_What you will do_
Please quote exactly the lines below from the line containing "Context: The Kneser" to the line containing "imports Complex_Main", both lines included, and nothing else.

_Provided data_
---------------
definition is_unitary :: "nat \<Rightarrow> complex mat \<Rightarrow> bool" where
  "is_unitary m U \<longleftrightarrow> U \<in> carrier_mat m m \<and> adj U * U = 1\<^sub>m m \<and> U * adj U = 1\<^sub>m m"

(* a gate: ordered list of the qubits it acts on, and a unitary on those qubits *)
type_synonym gate = "nat list \<times> complex mat"

definition valid_gate :: "nat \<Rightarrow> gate \<Rightarrow> bool" where
  "valid_gate n g \<longleftrightarrow> (let (qs, G) = g in
      distinct qs \<and> (length qs = 1 \<or> length qs = 2) \<and> set qs \<subseteq> {..<n}
      \<and> is_unitary (2 ^ length qs) G)"

definition embed_gate :: "nat \<Rightarrow> gate \<Rightarrow> complex mat" where
  "embed_gate n g = (let (qs, G) = g in
     mat (2 ^ n) (2 ^ n) (\<lambda>(r, s).
       if (\<forall>q<n. q \<notin> set qs \<longrightarrow> qbit r q = qbit s q)
       then G $$ (loc_index qs r, loc_index qs s) else 0))"

definition circuit_mat :: "nat \<Rightarrow> gate list \<Rightarrow> complex mat" where
  "circuit_mat n gs = foldr (\<lambda>g M. embed_gate n g * M) gs (1\<^sub>m (2 ^ n))"

definition implements :: "nat \<Rightarrow> gate list \<Rightarrow> complex mat \<Rightarrow> bool" where
  "implements n gs U \<longleftrightarrow> (\<forall>g\<in>set gs. valid_gate n g) \<and> circuit_mat n gs = U"

definition omega :: "nat \<Rightarrow> complex" where
  "omega N = cis (2 * pi / real N)"

definition U_omega :: "nat \<Rightarrow> complex mat" where
  "U_omega N = mat N N (\<lambda>(r, s). if r = s then omega N ^ r else 0)"

definition U_omega_lambda :: "nat \<Rightarrow> (nat \<Rightarrow> complex vec) \<Rightarrow> complex mat" where
  "U_omega_lambda N lam = mat N N (\<lambda>(r, s). \<Sum>j<N. omega N ^ j * (lam j $ r) * cnj (lam j $ s))"

definition orthonormal_basis :: "nat \<Rightarrow> (nat \<Rightarrow> complex vec) \<Rightarrow> bool" where
  "orthonormal_basis N lam \<longleftrightarrow> (\<forall>j<N. lam j \<in> carrier_vec N) \<and>
     (\<forall>j<N. \<forall>k<N. (\<Sum>i<N. cnj (lam j $ i) * lam k $ i) = (if j = k then 1 else 0))"

definition mat_poly :: "nat \<Rightarrow> (nat \<Rightarrow> complex) \<Rightarrow> nat \<Rightarrow> complex mat \<Rightarrow> complex mat" where
  "mat_poly N alpha d U = foldr (\<lambda>k M. alpha k \<cdot>\<^sub>m (U ^\<^sub>m k) + M) [0..<Suc d] (0\<^sub>m N N)"

(* V (on n+1 qubits, ancilla = qubit n) has the 2^n x 2^n matrix B as top-left block,
   i.e. (<0|_anc (x) I) V (|0>_anc (x) I) = B *)
definition top_left_block :: "nat \<Rightarrow> complex mat \<Rightarrow> complex mat \<Rightarrow> bool" where
  "top_left_block n V B \<longleftrightarrow> (\<forall>i<2 ^ n. \<forall>j<2 ^ n. V $$ (i, j) = B $$ (i, j))"

end

theory Submission
  imports Defs "HOL-Computational_Algebra.Fundamental_Theorem_Algebra"
begin

text \<open>Since \<open>U\<^sub>\<omega>\<^sub>\<lambda> = Q\<^sup>\<dagger> U\<^sub>\<omega> Q\<close> with \<open>U\<^sub>\<omega> = diag(\<omega>\<^sup>j)\<close>,
  the matrix \<open>P(U\<^sub>\<omega>\<^sub>\<lambda>) / \<surd>c\<close> equals \<open>Q\<^sup>\<dagger> diag(p(\<omega>\<^sup>j)) Q\<close> for \<open>p = P / \<surd>c\<close>,
  and \<open>|p| \<le> 1\<close> on the unit circle. The Fejer--Riesz theorem, applied to \<open>1 - |p|\<^sup>2 \<ge> 0\<close>,
  gives a polynomial \<open>q\<close> of degree \<open>\<le> d\<close> with \<open>|p|\<^sup>2 + |q|\<^sup>2 = 1\<close> on the circle.
  Quantum signal processing then writes \<open>(p(x), q(x))\<close> as the first column of
  \<open>R\<^sub>0 \<Phi>(x) R\<^sub>1 \<dots> \<Phi>(x) R\<^sub>d\<close> with unitary \<open>2 \<times> 2\<close> rotations \<open>R\<^sub>i\<close> and
  \<open>\<Phi>(x) = diag(1, x)\<close>: peeling off one rotation lowers the degree, because the lowest and
  the highest coefficient vectors of \<open>(p, q)\<close> are orthogonal. On an ancilla controlled by the
  register state \<open>j\<close>, \<open>\<Phi>(\<omega>\<^sup>j)\<close> costs one controlled phase per qubit, so the sequence
  takes \<open>(d + 1) + d n\<close> gates; conjugating by the circuit for \<open>Q\<close> adds \<open>2 \<chi>\<close> of them,
  up to the factor \<open>K\<close>.\<close>

section \<open>Polynomials on the unit circle\<close>

text \<open>The Cayley transform maps the real line smoothly and injectively into the unit circle,
  with \<open>0 \<mapsto> 1\<close>; it provides the paths along which we take limits and derivatives on the circle.\<close>

definition cayley :: "complex \<Rightarrow> complex" where
  "cayley w = (1 + \<i> * w) / (1 - \<i> * w)"

lemma cayley_denom_nonzero: "1 - \<i> * complex_of_real t \<noteq> 0"
  by (simp add: complex_eq_iff)

lemma cayley_0: "cayley 0 = 1"
  by (simp add: cayley_def)

lemma norm_cayley_of_real: "cmod (cayley (of_real t)) = 1"
proof -
  have "1 + \<i> * complex_of_real t = cnj (1 - \<i> * complex_of_real t)" by simp
  then have "cmod (1 + \<i> * complex_of_real t) = cmod (1 - \<i> * complex_of_real t)"
    by (metis complex_mod_cnj)
  then show ?thesis unfolding cayley_def using cayley_denom_nonzero[of t] by (simp add: norm_divide)
qed

lemma inj_cayley_of_real: "inj (\<lambda>t::real. cayley (of_real t))"
proof (rule injI)
  fix s t :: real assume "cayley (of_real s) = cayley (of_real t)"
  then have "(1 + \<i> * of_real s) * (1 - \<i> * of_real t) = (1 + \<i> * of_real t) * (1 - \<i> * of_real s)"
    unfolding cayley_def using cayley_denom_nonzero[of s] cayley_denom_nonzero[of t]
    by (simp add: divide_eq_eq field_simps)
  then have "2 * \<i> * (complex_of_real s - of_real t) = 0" by (simp add: algebra_simps)
  then show "s = t" by simp
qed

lemma cayley_of_real_neq_1: "t \<noteq> 0 \<Longrightarrow> cayley (of_real t) \<noteq> 1"
  using inj_cayley_of_real cayley_0 by (metis injD of_real_0)
(* For $k\geq 3$ and $$n > \frac{2}{\ln(2)}k^{2}+\left(2-\frac{3}{\ln(2)}\right)k+\frac{1}{\ln(2)} \geq \frac{2^{\frac{1}{k-1}}(2k)-1}{2^{\frac{1}{k-1}}-1},$$ we have $t(K(n,k))=\frac{n}{k}-1$. Moreover, if $S$ is a vertex cut of $K(n,k)$ such that $\frac{|S|}{c(K(n,k)\setminus S)}=\frac{n}{k}-1$, then $S$ is the complement of a maximum independent set.
   Context: The Kneser graph $K(n,k)$ has as vertices the $k$-element subsets of $[n]=\{1,\dots,n\}$, two vertices being adjacent iff they are disjoint. A vertex cut is a set $S$ of vertices whose removal disconnects the graph; $c(G\setminus S)$ is the number of connected components after deleting $S$; the toughness is $t(G)=\min_S |S|/c(G\setminus S)$ over vertex cuts $S$. *)

theory Defs
  imports Complex_Main
begin

definition kneser_vertices :: "nat \<Rightarrow> nat \<Rightarrow> nat set set" where
  "kneser_vertices n k = {A. A \<subseteq> {1..n} \<and> card A = k}"

definition kneser_adj :: "nat set \<Rightarrow> nat set \<Rightarrow> bool" where
  "kneser_adj A B \<longleftrightarrow> A \<inter> B = {}"

definition reach_in :: "'a set \<Rightarrow> ('a \<Rightarrow> 'a \<Rightarrow> bool) \<Rightarrow> 'a \<Rightarrow> 'a \<Rightarrow> bool" where
  "reach_in W E = (\<lambda>x y. x \<in> W \<and> y \<in> W \<and> E x y)\<^sup>*\<^sup>*"

definition components :: "'a set \<Rightarrow> ('a \<Rightarrow> 'a \<Rightarrow> bool) \<Rightarrow> 'a set set" where
  "components W E = (\<lambda>x. {y \<in> W. reach_in W E x y}) ` W"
---------------
_Output of the exercise_
   Context: The Kneser graph $K(n,k)$ has as vertices the $k$-element subsets of $[n]=\{1,\dots,n\}$, two vertices being adjacent iff they are disjoint. A vertex cut is a set $S$ of vertices whose removal disconnects the graph; $c(G\setminus S)$ is the number of connected components after deleting $S$; the toughness is $t(G)=\min_S |S|/c(G\setminus S)$ over vertex cuts $S$. *)

theory Defs
  imports Complex_Main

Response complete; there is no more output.